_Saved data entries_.
* * * * * * *
(* Let $f \in \mathcal{C}_{2\pi}$, let $A_n[f]$ be the Toeplitz matrix generated by $f$ and $c_n[f]$ the optimal circulant preconditioner for $A_n[f]$. Assume that $\sin c_n[f]$ is invertible for every $n$ and that there is a constant $C$ with $\|(\sin c_n[f])^{-1}\|_2\le C$ for all $n$. Then for every $\epsilon>0$ there exist positive integers $N$ and $M$ such that for every $n>N$ there are matrices $\widehat{\mathcal R}_n[f],\widehat{\mathcal E}_n[f]\in\mathbb{C}^{n\times n}$ with \[ (\sin c_n[f])^{-1}\sin A_n[f] = I_n+\widehat{\mathcal R}_n[f]+\widehat{\mathcal E}_n[f],\qquad \operatorname{rank}\widehat{\mathcal R}_n[f]\le 2M,\qquad \|\widehat{\mathcal E}_n[f]\|_2\le\epsilon. \]
   Context: $\mathcal{C}_{2\pi}$ denotes the Banach space of all $2\pi$-periodic continuous complex-valued functions on $\mathbb{R}$ with the supremum norm $\|\cdot\|_\infty$. For $f\in\mathcal{C}_{2\pi}$ its Fourier coefficients are $a_k=\frac{1}{2\pi}\int_{-\pi}^{\pi} f(\theta)e^{-\mathbf{i}k\theta}\,d\theta$, $k\in\mathbb{Z}$. The Toeplitz matrix generated by $f$ is the $n\times n$ matrix $A_n[f]$ whose $(j,k)$ entry is $a_{j-k}$. The optimal circulant preconditioner $c_n[f]$ is the $n\times n$ circulant matrix whose $(j,k)$ entry is $c_{(j-k)\bmod n}$, where $c_k=\frac{(n-k)a_k+k\,a_{k-n}}{n}$ for $0\le k<n$. For a square matrix $X$, $\sin X=\sum_{m\ge0}\frac{(-1)^m}{(2m+1)!}X^{2m+1}$. $I_n$ is the $n\times n$ identity and $\|\cdot\|_2$ is the spectral norm. *)

theory Defs
  imports "HOL-Analysis.Analysis" "Jordan_Normal_Form.DL_Rank"
begin

definition fourier_coeff :: "(real \<Rightarrow> complex) \<Rightarrow> int \<Rightarrow> complex" where
  "fourier_coeff f k = (1 / (2 * of_real pi)) *
     integral {-pi..pi} (\<lambda>\<theta>. f \<theta> * exp (- \<i> * of_int k * of_real \<theta>))"
(* Let $A$ be a block tridiagonal matrix satisfying the standing hypotheses (H), and write $A^{-1}=[Z_{ij}]$ with $Z_{ij}\in\mathbb{C}^{m\times m}$, $i,j=1,\dots,n$. Then $$\|Z_{ij}\|\le \|Z_{jj}\|\prod_{k=i}^{j-1}\tau_k\quad\text{for all } i<j,\qquad \|Z_{ij}\|\le \|Z_{jj}\|\prod_{k=j+1}^{i}\omega_k\quad\text{for all } i>j.$$ Moreover, for $i=1,\dots,n$, $$\frac{\|I\|}{\|A_i\|+\tau_{i-1}\|C_{i-1}\|+\omega_{i+1}\|B_i\|}\le\|Z_{ii}\|,$$ and, whenever $\|A_i^{-1}\|^{-1}-\tau_{i-1}\|C_{i-1}\|-\omega_{i+1}\|B_i\|>0$, $$\|Z_{ii}\|\le\frac{\|I\|}{\|A_i^{-1}\|^{-1}-\tau_{i-1}\|C_{i-1}\|-\omega_{i+1}\|B_i\|},$$ where $C_0=B_n=0$ and $\tau_0=\omega_{n+1}=0$.
   Context: $\|\cdot\|$ is a submultiplicative matrix norm on $\mathbb{C}^{m\times m}$, $n\ge 2$, and $A$ is block tridiagonal with diagonal blocks $A_1,\dots,A_n$, superdiagonal blocks $B_1,\dots,B_{n-1}$ (block $(i,i+1)$) and subdiagonal blocks $C_1,\dots,C_{n-1}$ (block $(i+1,i)$), all in $\mathbb{C}^{m\times m}$; set $C_0=B_n=0$. Standing hypotheses (H): $A$ is nonsingular; $B_i$ and $C_i$ are nonsingular for $i=1,\dots,n-1$; every $A_i$ is nonsingular and $\|A_i^{-1}C_{i-1}\|+\|A_i^{-1}B_i\|\le 1$ for $i=1,\dots,n$ (row block diagonal dominance); and $\|A_1^{-1}B_1\|<1$, $\|A_n^{-1}C_{n-1}\|<1$. For $i=1,\dots,n$: $\tau_i=\dfrac{\|A_i^{-1}B_i\|}{1-\|A_i^{-1}C_{i-1}\|}$ and $\omega_i=\dfrac{\|A_i^{-1}C_{i-1}\|}{1-\|A_i^{-1}B_i\|}$. *)

theory Defs
  imports "HOL-Analysis.Analysis"
begin

type_synonym 'm cmat = "complex^'m^'m"

definition submult_matrix_norm :: "('m::finite cmat \<Rightarrow> real) \<Rightarrow> bool" where
  "submult_matrix_norm N \<longleftrightarrow>
     (\<forall>X. 0 \<le> N X) \<and>
     (\<forall>X. N X = 0 \<longleftrightarrow> X = 0) \<and>
     (\<forall>X Y. N (X + Y) \<le> N X + N Y) \<and>
     (\<forall>c X. N (\<chi> i j. c * X $ i $ j) = cmod c * N X) \<and>
     (\<forall>X Y. N (X ** Y) \<le> N X * N Y)"

definition tridiag_block ::
  "(nat \<Rightarrow> 'm::finite cmat) \<Rightarrow> (nat \<Rightarrow> 'm cmat) \<Rightarrow> (nat \<Rightarrow> 'm cmat) \<Rightarrow> nat \<Rightarrow> nat \<Rightarrow> 'm cmat" where
  "tridiag_block A B C i j =
     (if j = i then A i else if j = i + 1 then B i else if i = j + 1 then C j else 0)"
(* Let $\gamma\in\Gamma(2)$ and let $Z\in\mathfrak h_n$ be a point not fixed by any element of $\mathbf{Sp}(2n,\mathbb Z)$ other than $\pm I$. Suppose $\tau(Z)=\gamma Z$. Then there exists $h\in\mathbf{Sp}(2n,\mathbb Z)$ such that $\gamma=\tau(h)h^{-1}$; hence $\mathfrak h_n^\gamma=h\cdot iC_n$.
   Context: $\mathbf{Sp}(2n,\mathbb R)$: real matrices $g=\begin{pmatrix}A&B\\C&D\end{pmatrix}$ with ${}^tgJg=J$, $J=\begin{pmatrix}0&I\\-I&0\end{pmatrix}$, acting on $\mathfrak h_n=\{Z\in M_n(\mathbb C):{}^tZ=Z,\mathrm{Im}Z>0\}$ by $gZ=(AZ+B)(CZ+D)^{-1}$. $\tau\begin{pmatrix}A&B\\C&D\end{pmatrix}=\begin{pmatrix}A&-B\\-C&D\end{pmatrix}$ on matrices and $\tau(Z)=-\overline Z$ on $\mathfrak h_n$. $\mathfrak h_n^\gamma=\{Z:\gamma Z=\tau(Z)\}$. $\Gamma(2)=\{\gamma\in\mathbf{Sp}(2n,\mathbb Z):\gamma\equiv I\bmod 2\}$. $C_n$ is the cone of positive definite real symmetric $n\times n$ matrices, $iC_n=\{iY:Y\in C_n\}$. *)

theory Defs
  imports "HOL-Analysis.Analysis"
begin

text \<open>Matrices of size 2n x 2n are indexed by the type 'n + 'n: the block
  (Inl,Inl) is A, (Inl,Inr) is B, (Inr,Inl) is C, (Inr,Inr) is D.\<close>

type_synonym 'n bmat = "real^('n + 'n)^('n + 'n)"

definition Jmat :: "('n::finite) bmat" where
  "Jmat = (\<chi> i j. case (i, j) of
      (Inl a, Inr b) \<Rightarrow> (if a = b then 1 else 0)
    | (Inr a, Inl b) \<Rightarrow> (if a = b then -1 else 0)
    | _ \<Rightarrow> 0)"

definition Sp :: "('n::finite) bmat set" where
  "Sp = {g. transpose g ** Jmat ** g = Jmat}"

definition SpZ :: "('n::finite) bmat set" where
  "SpZ = {g. g \<in> Sp \<and> (\<forall>i j. g $ i $ j \<in> \<int>)}"

definition Gamma2 :: "('n::finite) bmat set" where
  "Gamma2 = {g. g \<in> SpZ \<and> (\<forall>i j. \<exists>k::int. g $ i $ j - mat 1 $ i $ j = 2 * of_int k)}"

definition blkA :: "('n::finite) bmat \<Rightarrow> real^'n^'n" where
  "blkA g = (\<chi> i j. g $ Inl i $ Inl j)"
definition blkB :: "('n::finite) bmat \<Rightarrow> real^'n^'n" where
  "blkB g = (\<chi> i j. g $ Inl i $ Inr j)"
definition blkC :: "('n::finite) bmat \<Rightarrow> real^'n^'n" where
  "blkC g = (\<chi> i j. g $ Inr i $ Inl j)"
definition blkD :: "('n::finite) bmat \<Rightarrow> real^'n^'n" where
  "blkD g = (\<chi> i j. g $ Inr i $ Inr j)"
(* Let $\rho_Q(x)$ be a family of density operators on a quantum system $Q$, depending differentiably on a real parameter $x$. Let $\{\mathcal{F}_\alpha\}_{\alpha=1}^{J}$ be a selection measurement on $Q$, where each $\mathcal{F}_\alpha(\rho)=\sum_{j=0}^{J_\alpha-1}M_{\alpha,j}\rho M_{\alpha,j}^\dagger$ is a quantum operation with Kraus operators $M_{\alpha,j}$ and $\sum_{\alpha=1}^J\sum_{j}M_{\alpha,j}^\dagger M_{\alpha,j}=\mathbb{1}_Q$. Write $p(\alpha|x)=\mathrm{Tr}\{\mathcal{F}_\alpha[\rho_Q(x)]\}$ (assumed positive) and $\sigma_{Q|\alpha}(x)=\mathcal{F}_\alpha[\rho_Q(x)]/p(\alpha|x)$. Let $\checkmark\subseteq\{1,\dots,J\}$ be a set of favorable outcomes with complement $\times$, and put $p(\checkmark|x)=\sum_{\alpha\in\checkmark}p(\alpha|x)$, $p(\times|x)=1-p(\checkmark|x)$, both assumed positive. Let $\{|f_\alpha\rangle\}_{\alpha=1}^J$ be orthonormal ancilla states, let $|f_0\rangle$ be an ancilla state orthogonal to all $|f_\alpha\rangle$ with $\alpha\in\checkmark$, and let $|\phi\rangle$ be a fixed state of $Q$ independent of $x$. Define $$\sigma_{QA}(x)=\sum_{\alpha=1}^J p(\alpha|x)\,\sigma_{Q|\alpha}(x)\otimes|f_\alpha\rangle\langle f_\alpha|,$$ $$\sigma_{QA,\checkmark}(x)=\sum_{\alpha\in\checkmark}p(\alpha|x)\,\sigma_{Q|\alpha}(x)\otimes|f_\alpha\rangle\langle f_\alpha|+p(\times|x)\,|\phi\rangle\langle\phi|\otimes|f_0\rangle\langle f_0|,$$ $$\sigma_{QA|\checkmark}(x)=\sum_{\alpha\in\checkmark}\frac{p(\alpha|x)}{p(\checkmark|x)}\,\sigma_{Q|\alpha}(x)\otimes|f_\alpha\rangle\langle f_\alpha|.$$ Then the quantum Fisher informations satisfy $$I_{\rho_Q}(x)\ge I_{\sigma_{QA}}(x)\ge I_{\sigma_{QA,\checkmark}}(x)\ge p(\checkmark|x)\,I_{\sigma_{QA|\checkmark}}(x).$$ Moreover, when $\checkmark=\{\alpha\}$ consists of a single outcome, $p(\checkmark|x)\,I_{\sigma_{QA|\checkmark}}(x)=p(\alpha|x)\,I_{\sigma_{Q|\alpha}}(x)$, so the final entry of the chain is $p(\alpha|x)I_{\sigma_{Q|\alpha}}(x)$.
   Context: For a differentiable family of density operators $\rho(x)$, the quantum Fisher information is $I_\rho(x)=\mathrm{Tr}[\rho(x)L(x)^2]$, where the symmetric logarithmic derivative $L(x)$ is a Hermitian operator satisfying $\partial_x\rho(x)=\tfrac12[L(x)\rho(x)+\rho(x)L(x)]$. *)

theory Defs
  imports "HOL-Analysis.Analysis"
begin

text \<open>Finite-dimensional quantum systems: operators on a system with (finite) basis
  index type 'n are complex matrices of type complex^'n^'n.\<close>

type_synonym 'n cmat = "complex^'n^'n"

definition adj :: "('n::finite) cmat \<Rightarrow> 'n cmat" where
  "adj A = (\<chi> i j. cnj (A $ j $ i))"

definition hermitian :: "('n::finite) cmat \<Rightarrow> bool" where
  "hermitian A \<longleftrightarrow> adj A = A"

definition cinner :: "complex^('n::finite) \<Rightarrow> complex^'n \<Rightarrow> complex" where
  "cinner v w = (\<Sum>i\<in>UNIV. cnj (v $ i) * w $ i)"

definition psd :: "('n::finite) cmat \<Rightarrow> bool" where
  "psd A \<longleftrightarrow> hermitian A \<and> (\<forall>v. 0 \<le> Re (cinner v (A *v v)))"

definition density_op :: "('n::finite) cmat \<Rightarrow> bool" where
  "density_op A \<longleftrightarrow> psd A \<and> trace A = 1"

definition ket_bra :: "complex^('n::finite) \<Rightarrow> 'n cmat" where
  "ket_bra v = (\<chi> i j. v $ i * cnj (v $ j))"

definition tensor :: "('n::finite) cmat \<Rightarrow> ('a::finite) cmat \<Rightarrow> ('n \<times> 'a) cmat" where
  "tensor A B = (\<chi> p q. A $ fst p $ fst q * B $ snd p $ snd q)"

definition kraus_op :: "(nat \<Rightarrow> ('n::finite) cmat) \<Rightarrow> nat \<Rightarrow> 'n cmat \<Rightarrow> 'n cmat" where
  "kraus_op M k \<rho> = (\<Sum>j<k. M j ** \<rho> ** adj (M j))"

definition qfi :: "(real \<Rightarrow> ('n::finite) cmat) \<Rightarrow> real \<Rightarrow> real" where
  "qfi \<rho> x = (SOME I. \<exists>D L. (\<rho> has_vector_derivative D) (at x) \<and> hermitian L \<and>
      D = (1/2) *\<^sub>R (L ** \<rho> x + \<rho> x ** L) \<and> I = Re (trace (\<rho> x ** L ** L)))"

end

theory Submission
  imports Defs
begin

text \<open>Each passage of the chain is a trace-nonincreasing completely positive map: \<open>\<rho>\<^sub>Q \<mapsto> \<sigma>\<^sub>Q\<^sub>A\<close> records
  the outcome in orthonormal ancilla states, \<open>\<sigma>\<^sub>Q\<^sub>A \<mapsto> \<sigma>\<^sub>Q\<^sub>A\<^sub>,\<^sub>\<checkmark>\<close> replaces every unfavourable branch by
  \<open>|\<phi>\<rangle>\<langle>\<phi>| \<otimes> |f\<^sub>0\<rangle>\<langle>f\<^sub>0|\<close>, and \<open>\<sigma>\<^sub>Q\<^sub>A\<^sub>,\<^sub>\<checkmark> \<mapsto> p(\<checkmark>) \<sigma>\<^sub>Q\<^sub>A\<^sub>|\<^sub>\<checkmark>\<close> projects the ancilla onto the
  favourable states. For a Kraus map \<open>\<Phi>\<close> with \<open>\<Sigma>\<^sub>k T\<^sub>k\<^sup>\<dagger>T\<^sub>k \<le> 1\<close> and \<open>\<Phi>(\<rho>\<^sub>i\<^sub>n) = c \<rho>\<^sub>o\<^sub>u\<^sub>t\<close> one has
  \<open>c I\<^sub>o\<^sub>u\<^sub>t \<le> I\<^sub>i\<^sub>n\<close>: every Hermitian \<open>X\<close> satisfies \<open>I\<^sub>i\<^sub>n \<ge> 2 Re Tr(\<rho>\<^sub>i\<^sub>n' X) - Tr(\<rho>\<^sub>i\<^sub>n X\<^sup>2)\<close>;
  for \<open>X = \<Phi>\<^sup>\<dagger>(L)\<close>, with \<open>L\<close> the SLD of \<open>\<rho>\<^sub>o\<^sub>u\<^sub>t\<close>, duality turns the first term into \<open>2 c I\<^sub>o\<^sub>u\<^sub>t\<close>
  and the Kadison--Schwarz inequality \<open>\<Phi>\<^sup>\<dagger>(L)\<^sup>2 \<le> \<Phi>\<^sup>\<dagger>(L\<^sup>2)\<close> bounds the second by \<open>c I\<^sub>o\<^sub>u\<^sub>t\<close>.

  Since \<open>qfi\<close> is defined by choice, one also needs that an SLD exists and that \<open>Tr(\<rho> L\<^sup>2)\<close>
  does not depend on the choice. Existence holds because \<open>\<rho>'\<close> vanishes on the kernel of \<open>\<rho>\<close>, where
  the positive family \<open>\<rho>\<close> attains its minimum; uniqueness because \<open>\<rho> K + K \<rho> = 0\<close> forces \<open>\<rho> K = 0\<close>.
  For a single favourable outcome \<open>\<sigma>\<^sub>Q\<^sub>A\<^sub>|\<^sub>\<checkmark> = \<sigma>\<^sub>Q\<^sub>|\<^sub>\<alpha> \<otimes> |f\<^sub>\<alpha>\<rangle>\<langle>f\<^sub>\<alpha>|\<close>, and tensoring with a fixed pure
  state tensors the SLD.\<close>

section \<open>Complex matrices\<close>

lemma scaleR_complex: "r *\<^sub>R (z::complex) = of_real r * z"
  by (fact scaleR_conv_of_real)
* * * * * * *
_ACTIVITY_.
Given the data above, transcribe exactly the lines from the one containing "Inl i $ Inl" down to the one containing "Inr i $ Inr", and no others.

_COMPLETED EXERCISE_.
  "blkA g = (\<chi> i j. g $ Inl i $ Inl j)"
definition blkB :: "('n::finite) bmat \<Rightarrow> real^'n^'n" where
  "blkB g = (\<chi> i j. g $ Inl i $ Inr j)"
definition blkC :: "('n::finite) bmat \<Rightarrow> real^'n^'n" where
  "blkC g = (\<chi> i j. g $ Inr i $ Inl j)"
definition blkD :: "('n::finite) bmat \<Rightarrow> real^'n^'n" where
  "blkD g = (\<chi> i j. g $ Inr i $ Inr j)"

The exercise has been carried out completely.